Mapping the elusive neonicotinoid binding site

Two types of structurally similar nicotinic agonists have very different biological and physicochemical properties. Neonicotinoids, important insecticides including imidacloprid and thiacloprid, are nonprotonated and selective for insects and their nicotinic receptors, whereas nicotinoids such as nicotine and epibatidine are cationic and selective for mammalian systems. We discovered that a mollusk acetylcholine binding protein (AChBP), as a structural surrogate for the extracellular ligand-binding domain of the nicotinic receptor, is similarly sensitive to neonicotinoids and nicotinoids. It therefore seemed possible that the proposed very different interactions of the neonicotinoids and nicotinoids might be examined with a single AChBP by using optimized azidochloropyridinyl photoaffinity probes. Two azidoneonicotinoids with a nitro or cyano group were compared with the corresponding desnitro or descyano azidonicotinoids. The four photoactivated nitrene probes modified AChBP with up to one agonist for each subunit based on analysis of the intact derivatized protein.
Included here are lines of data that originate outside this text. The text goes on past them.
(* The Sup over \<sigma> maximises the quadratic form \<Sum>\<lambda>\<^sub>i\<sigma>\<^sub>i\<^sup>2 on the unit sphere cut by the
   hyperplane \<sigma>\<cdot>u = \<alpha>, and the Inf over l is its Lagrangian dual; completing the square
   gives weak duality Sup \<le> Inf.  For the converse fix \<alpha> and put D = \<lambda>\<^sub>N - \<lambda>\<^sub>1, p = u\<^sub>N\<^sup>2.
   If p < \<alpha>\<^sup>2 < 1, the function \<alpha>\<^sup>2 \<Sum>u\<^sub>i\<^sup>2/(l - \<lambda>\<^sub>i)\<^sup>2 - s(l)\<^sup>2 is nonnegative just above \<lambda>\<^sub>N and
   nonpositive far out, so it vanishes at some l, where \<sigma>\<^sub>i = \<alpha>u\<^sub>i/((l - \<lambda>\<^sub>i)s(l)) is feasible
   and attains the dual value: there is no gap.  If \<alpha>\<^sup>2 \<le> p, a feasible perturbation of the
   top eigenvector has value at least \<lambda>\<^sub>N - Dp, while each l > \<lambda>\<^sub>N gives a dual value at
   most l.  If \<alpha>\<^sup>2 = 1, take \<sigma> = \<alpha>u; at l = \<lambda>\<^sub>N + y the gap is the difference of the
   arithmetic and harmonic means of the numbers l - \<lambda>\<^sub>i, which is at most D\<^sup>2/y. *)

(* s_fun2 = -(d/dl) s_fun, so \<alpha>\<^sup>2 s_fun2 = s_fun\<^sup>2 says that l is a critical point of the
   dual objective l - \<alpha>\<^sup>2/s_fun l. *)
definition s_fun2 :: "nat \<Rightarrow> (nat \<Rightarrow> real) \<Rightarrow> (nat \<Rightarrow> real) \<Rightarrow> real \<Rightarrow> real" where
  "s_fun2 N lam u l = (\<Sum>i=1..N. (u i)^2 / (l - lam i)^2)"

definition primal_values :: "nat \<Rightarrow> (nat \<Rightarrow> real) \<Rightarrow> (nat \<Rightarrow> real) \<Rightarrow> real \<Rightarrow> real set" where
  "primal_values N lam u \<alpha> = {(\<Sum>i=1..N. lam i * (\<sigma> i)^2) | \<sigma>.
     (\<Sum>i=1..N. (\<sigma> i)^2) = 1 \<and> (\<Sum>i=1..N. \<sigma> i * u i) = \<alpha>}"

definition dual_values :: "nat \<Rightarrow> (nat \<Rightarrow> real) \<Rightarrow> (nat \<Rightarrow> real) \<Rightarrow> real \<Rightarrow> real set" where
  "dual_values N lam u \<alpha> = {l - \<alpha>^2 / s_fun N lam u l | l. l > lam N}"

lemma primal_valuesI:
  assumes "(\<Sum>i=1..N. (\<sigma> i)^2) = 1" "(\<Sum>i=1..N. \<sigma> i * u i) = \<alpha>"
  shows "(\<Sum>i=1..N. lam i * (\<sigma> i)^2) \<in> primal_values N lam u \<alpha>"
  using assms unfolding primal_values_def by blast

lemma dual_valuesI: "lam N < l \<Longrightarrow> l - \<alpha>^2 / s_fun N lam u l \<in> dual_values N lam u \<alpha>"
  unfolding dual_values_def by blast

lemma s_fun_pos:
  assumes "\<forall>i\<in>{1..N}. lam i < l" "k \<in> {1..N}" "u k \<noteq> 0"
  shows "0 < s_fun N lam u l"
proof -
  have "0 < (u k)^2 / (l - lam k)" using assms by simp
  also have "\<dots> \<le> s_fun N lam u l" unfolding s_fun_def
    by (rule member_le_sum) (use assms in \<open>auto intro!: divide_nonneg_pos\<close>)
  finally show ?thesis .
qed

lemma quad_form_le_max:
  fixes lam :: "nat \<Rightarrow> real"
  assumes "\<forall>i\<in>{1..N}. lam i \<le> c" "(\<Sum>i=1..N. (\<sigma> i)^2) = 1"
  shows "(\<Sum>i=1..N. lam i * (\<sigma> i)^2) \<le> c"
proof -
  have "(\<Sum>i=1..N. lam i * (\<sigma> i)^2) \<le> (\<Sum>i=1..N. c * (\<sigma> i)^2)"
    using assms by (intro sum_mono mult_right_mono) auto
  also have "\<dots> = c" using assms(2) by (simp flip: sum_distrib_left)
  finally show ?thesis .
qed

lemma mult_square_diff_divide:
  "(c::real) \<noteq> 0 \<Longrightarrow> c * (x - y / c)^2 = c * x^2 - 2 * x * y + y^2 / c"
  by (simp add: field_simps power2_eq_square)

lemma weak_duality:
  assumes lt: "\<forall>i\<in>{1..N}. lam i < l" and s_pos: "0 < s_fun N lam u l"
    and norm: "(\<Sum>i=1..N. (\<sigma> i)^2) = 1" and dot: "(\<Sum>i=1..N. \<sigma> i * u i) = \<alpha>"
  shows "(\<Sum>i=1..N. lam i * (\<sigma> i)^2) \<le> l - \<alpha>^2 / s_fun N lam u l"
proof -
  define s where "s = s_fun N lam u l"
  define t where "t = \<alpha> / s"
  define A where "A = (\<Sum>i=1..N. (l - lam i) * (\<sigma> i)^2)"
  have nz: "l - lam i \<noteq> 0" if "i \<in> {1..N}" for i using lt that by fastforce
  have "0 \<le> (\<Sum>i=1..N. (l - lam i) * (\<sigma> i - t * u i / (l - lam i))^2)"
    using lt by (intro sum_nonneg) (simp add: less_imp_le)
  also have "\<dots> = (\<Sum>i=1..N. (l - lam i) * (\<sigma> i)^2 - 2 * t * (\<sigma> i * u i) + t^2 * ((u i)^2 / (l - lam i)))"
  proof (rule sum.cong)
    fix i assume "i \<in> {1..N}"
    from mult_square_diff_divide[OF nz[OF this], of "\<sigma> i" "t * u i"]
    show "(l - lam i) * (\<sigma> i - t * u i / (l - lam i))^2 =
        (l - lam i) * (\<sigma> i)^2 - 2 * t * (\<sigma> i * u i) + t^2 * ((u i)^2 / (l - lam i))"
      by (simp add: power_mult_distrib algebra_simps)
  qed simp
  also have "\<dots> = A - 2 * t * \<alpha> + t^2 * s"
    by (simp add: sum.distrib sum_subtractf sum_distrib_left A_def dot[symmetric] s_def s_fun_def)
  finally have "\<alpha>^2 / s \<le> A"
    using s_pos by (simp add: s_def t_def field_simps power2_eq_square)
  moreover have "(\<Sum>i=1..N. lam i * (\<sigma> i)^2) = l - A"
    using norm by (simp add: A_def algebra_simps sum_subtractf flip: sum_distrib_left)
  ultimately show ?thesis by (simp add: s_def)
qed

lemma mult_square_divide_mult:
  "(d::real) \<noteq> 0 \<Longrightarrow> c \<noteq> 0 \<Longrightarrow> d * (a * b / (d * c))^2 = a^2 / c^2 * (b^2 / d)"
  by (simp add: field_simps power2_eq_square)

(* The witness \<sigma> maximises the Lagrangian \<Sum>(\<lambda>\<^sub>i - l)\<sigma>\<^sub>i\<^sup>2 + 2(\<alpha>/s)\<sigma>\<cdot>u; stationarity of l makes
   it a unit vector. *)
lemma stationary_point_attains_dual:
  assumes lt: "\<forall>i\<in>{1..N}. lam i < l" and s_pos: "0 < s_fun N lam u l"
    and stat: "\<alpha>^2 * s_fun2 N lam u l = (s_fun N lam u l)^2"
  shows "l - \<alpha>^2 / s_fun N lam u l \<in> primal_values N lam u \<alpha>"
proof -
  define s where "s = s_fun N lam u l"
  define \<sigma> where "\<sigma> i = \<alpha> * u i / ((l - lam i) * s)" for i
  have nz: "l - lam i \<noteq> 0" if "i \<in> {1..N}" for i using lt that by fastforce
  have "(\<Sum>i=1..N. (\<sigma> i)^2) = \<alpha>^2 / s^2 * s_fun2 N lam u l"
    by (simp add: \<sigma>_def s_fun2_def sum_distrib_left power_mult_distrib power_divide mult.commute)
  also have "\<dots> = 1" using stat s_pos by (simp add: s_def)
  finally have norm: "(\<Sum>i=1..N. (\<sigma> i)^2) = 1" .
  have "(\<Sum>i=1..N. \<sigma> i * u i) = \<alpha> / s * (\<Sum>i=1..N. (u i)^2 / (l - lam i))"
    by (simp add: \<sigma>_def sum_distrib_left power2_eq_square mult_ac)
  also have "\<dots> = \<alpha>" using s_pos by (simp add: s_def s_fun_def)
  finally have dot: "(\<Sum>i=1..N. \<sigma> i * u i) = \<alpha>" .
  have "(\<Sum>i=1..N. lam i * (\<sigma> i)^2)
      = (\<Sum>i=1..N. l * (\<sigma> i)^2 - \<alpha>^2 / s^2 * ((u i)^2 / (l - lam i)))"
  proof (rule sum.cong)
    fix i assume "i \<in> {1..N}"
    then have "(l - lam i) * (\<sigma> i)^2 = \<alpha>^2 / s^2 * ((u i)^2 / (l - lam i))"
      using mult_square_divide_mult[OF nz, of i s] s_pos by (simp add: \<sigma>_def s_def)
    then show "lam i * (\<sigma> i)^2 = l * (\<sigma> i)^2 - \<alpha>^2 / s^2 * ((u i)^2 / (l - lam i))"
      by (simp add: algebra_simps)
  qed simp
  also have "\<dots> = l * (\<Sum>i=1..N. (\<sigma> i)^2) - \<alpha>^2 / s^2 * s"
    by (simp only: sum_subtractf sum_distrib_left s_def s_fun_def)
  also have "\<dots> = l - \<alpha>^2 / s"
    using norm s_pos by (simp add: power2_eq_square)
  finally show ?thesis using primal_valuesI[OF norm dot, of lam] by (simp add: s_def)
qed

lemma Sup_Inf_gap_le:
  fixes P Q :: "real set"
  assumes v: "v \<in> P" and bdd: "bdd_above P" and below: "\<And>x y. x \<in> P \<Longrightarrow> y \<in> Q \<Longrightarrow> x \<le> y"
    and near: "\<And>c. v + B < c \<Longrightarrow> \<exists>y\<in>Q. y \<le> c"
  shows "\<bar>Sup P - Inf Q\<bar> \<le> B"
proof -
  have "Q \<noteq> {}" using near[of "v + B + 1"] by auto
  have "bdd_below Q" using v below by (auto simp: bdd_below_def)
  have "Sup P \<le> Inf Q"
    using v \<open>Q \<noteq> {}\<close> below by (intro cSup_least cInf_greatest) auto
  moreover have "v \<le> Sup P" using v bdd by (rule cSup_upper)
  moreover have "Inf Q \<le> v + B"
  proof (rule dense_ge)
    fix c assume "v + B < c"
    then obtain y where "y \<in> Q" "y \<le> c" using near by blast
    then show "Inf Q \<le> c" using cInf_lower[OF _ \<open>bdd_below Q\<close>] by force
  qed
  ultimately show ?thesis by linarith
qed

lemma diff_inverse_le:
  fixes A s :: real
  assumes "0 < A" "0 \<le> A^2 * s - A"
  shows "A - 1 / s \<le> A^2 * s - A"
proof -
  have "1 \<le> A * s" using assms by (simp add: power2_eq_square algebra_simps)
  then have "0 < s" using zero_less_mult_pos[of A s] \<open>0 < A\<close> by linarith
  have "A - 1 / s = (A^2 * s - A) / (A * s)"
    using \<open>0 < A\<close> \<open>0 < s\<close> by (simp add: field_simps power2_eq_square)
  also have "\<dots> \<le> A^2 * s - A"
    using mult_left_mono[OF \<open>1 \<le> A * s\<close> assms(2)] \<open>0 < A\<close> \<open>0 < s\<close> by (simp add: divide_le_eq)
  finally show ?thesis .
qed

lemma mean_minus_harmonic_mean_le:
  fixes w x :: "'a \<Rightarrow> real"
  assumes w_nonneg: "\<forall>i\<in>I. 0 \<le> w i" and w_sum: "sum w I = 1"
    and "0 < y" and x: "\<forall>i\<in>I. y \<le> x i \<and> x i \<le> y + D"
  shows "(\<Sum>i\<in>I. w i * x i) - 1 / (\<Sum>i\<in>I. w i / x i) \<le> D^2 / y"
proof -
  define A where "A = (\<Sum>i\<in>I. w i * x i)"
  define s where "s = (\<Sum>i\<in>I. w i / x i)"
  have "(\<Sum>i\<in>I. w i * y) \<le> A" "A \<le> (\<Sum>i\<in>I. w i * (y + D))"
    unfolding A_def using w_nonneg x by (auto intro!: sum_mono mult_left_mono)
  then have A_bounds: "y \<le> A" "A \<le> y + D" using w_sum by (simp_all flip: sum_distrib_right)
  have x_pos: "0 < x i" if "i \<in> I" for i using x that \<open>0 < y\<close> by force
  have "(\<Sum>i\<in>I. w i * (x i - A)^2 / x i) = (\<Sum>i\<in>I. w i * x i - 2 * A * w i + A^2 * (w i / x i))"
  proof (rule sum.cong)
    fix i assume "i \<in> I"
    then have "x i \<noteq> 0" using x_pos by force
    then show "w i * (x i - A)^2 / x i = w i * x i - 2 * A * w i + A^2 * (w i / x i)"
      by (simp add: field_simps power2_eq_square)
  qed simp
  also have "\<dots> = A^2 * s - A"
    using w_sum
    by (simp add: sum.distrib sum_subtractf power2_eq_square del: times_divide_eq_right
        flip: sum_distrib_left A_def s_def)
  finally have deviation: "(\<Sum>i\<in>I. w i * (x i - A)^2 / x i) = A^2 * s - A" .
  have dev_nonneg: "0 \<le> A^2 * s - A"
    unfolding deviation[symmetric] using w_nonneg x_pos by (auto intro!: sum_nonneg divide_nonneg_pos)
  have dev_le: "A^2 * s - A \<le> D^2 / y"
  proof -
    have "w i * (x i - A)^2 / x i \<le> w i * (D^2 / y)" if "i \<in> I" for i
    proof -
      have "\<bar>x i - A\<bar> \<le> D" using x that A_bounds by force
      then have "(x i - A)^2 \<le> D^2" by (metis abs_le_square_iff abs_of_nonneg abs_ge_zero order_trans)
      then have "(x i - A)^2 / x i \<le> D^2 / y" using x that \<open>0 < y\<close> by (intro frac_le) auto
      then show ?thesis using mult_left_mono[OF _ bspec[OF w_nonneg that]] by fastforce
    qed
    then have "A^2 * s - A \<le> (\<Sum>i\<in>I. w i * (D^2 / y))" unfolding deviation[symmetric] by (rule sum_mono)
    also have "\<dots> = D^2 / y" using w_sum by (simp only: sum_distrib_right[symmetric] mult_1)
    finally show ?thesis .
  qed
  have "0 < A" using A_bounds \<open>0 < y\<close> by linarith
  then show ?thesis
    using diff_inverse_le[OF _ dev_nonneg] dev_le unfolding A_def[symmetric] s_def[symmetric] by fastforce
qed

locale secular_data =
  fixes N :: nat and lam u :: "nat \<Rightarrow> real"
  assumes lam_strict_mono: "\<And>i j. 1 \<le> i \<Longrightarrow> i < j \<Longrightarrow> j \<le> N \<Longrightarrow> lam i < lam j"
    and u_sq_bounds: "\<And>i. 1 \<le> i \<Longrightarrow> i \<le> N \<Longrightarrow> 0 < (u i)^2 \<and> (u i)^2 < 1"
    and u_norm: "(\<Sum>i=1..N. (u i)^2) = 1"
begin

abbreviation gap_bound :: real where
  "gap_bound \<equiv> 2 * (lam N - lam 1) * ((u N)^2 / sqrt (1 - (u N)^2))"

lemma N_ge_2: "2 \<le> N"
proof (rule ccontr)
  assume "\<not> 2 \<le> N"
  then have "N = 0 \<or> N = 1" by auto
  then show False using u_norm u_sq_bounds[of 1] by auto
qed

lemma uN_sq_pos: "0 < (u N)^2" and uN_sq_less_1: "(u N)^2 < 1"
  using u_sq_bounds[of N] N_ge_2 by auto

lemma lam_le_last: "i \<in> {1..N} \<Longrightarrow> lam i \<le> lam N"
  using lam_strict_mono[of i N] by (cases "i = N") auto

lemma lam_ge_first: "i \<in> {1..N} \<Longrightarrow> lam 1 \<le> lam i"
  using lam_strict_mono[of 1 i] by (cases "i = 1") auto

lemma lam_le_second_last:
  assumes "i \<in> {1..N}" "i \<noteq> N"
  shows "lam i \<le> lam (N - 1)"
proof -
  have "i = N - 1 \<or> i < N - 1" using assms by auto
  then show ?thesis using lam_strict_mono[of i "N - 1"] assms by auto
qed

lemma lam_first_less_last: "lam 1 < lam N"
  using lam_strict_mono[of 1 N] N_ge_2 by simp

lemma lam_less_if_last_less: "lam N < l \<Longrightarrow> \<forall>i\<in>{1..N}. lam i < l"
  using lam_le_last by force

lemma s_fun_pos_if_last_less: "lam N < l \<Longrightarrow> 0 < s_fun N lam u l"
  using s_fun_pos[OF lam_less_if_last_less, of l N] N_ge_2 uN_sq_pos by simp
Identical modification sites were observed by collision-induced dissociation analysis for the neonicotinoids and nicotinoids with similar labeling frequency of Tyr-195 of loop C and Met-116 of loop E at the subunit interface. The nitro- or cyano-substituted guanidine/amidine planes of the neonicotinoids provide a unique electronic conjugation system to interact with loop C Tyr-188. The neonicotinoid nitro oxygen and cyano nitrogen contact loop C Cys-190/Ser-189, whereas the cationic head of the corresponding nicotinoids is inverted for hydrogen-bonding and cation-π contact with Trp-147 and Tyr-93. These structural models based on AChBP directly map the elusive neonicotinoid binding site and further describe the molecular determinants of agonists on nicotinic receptors.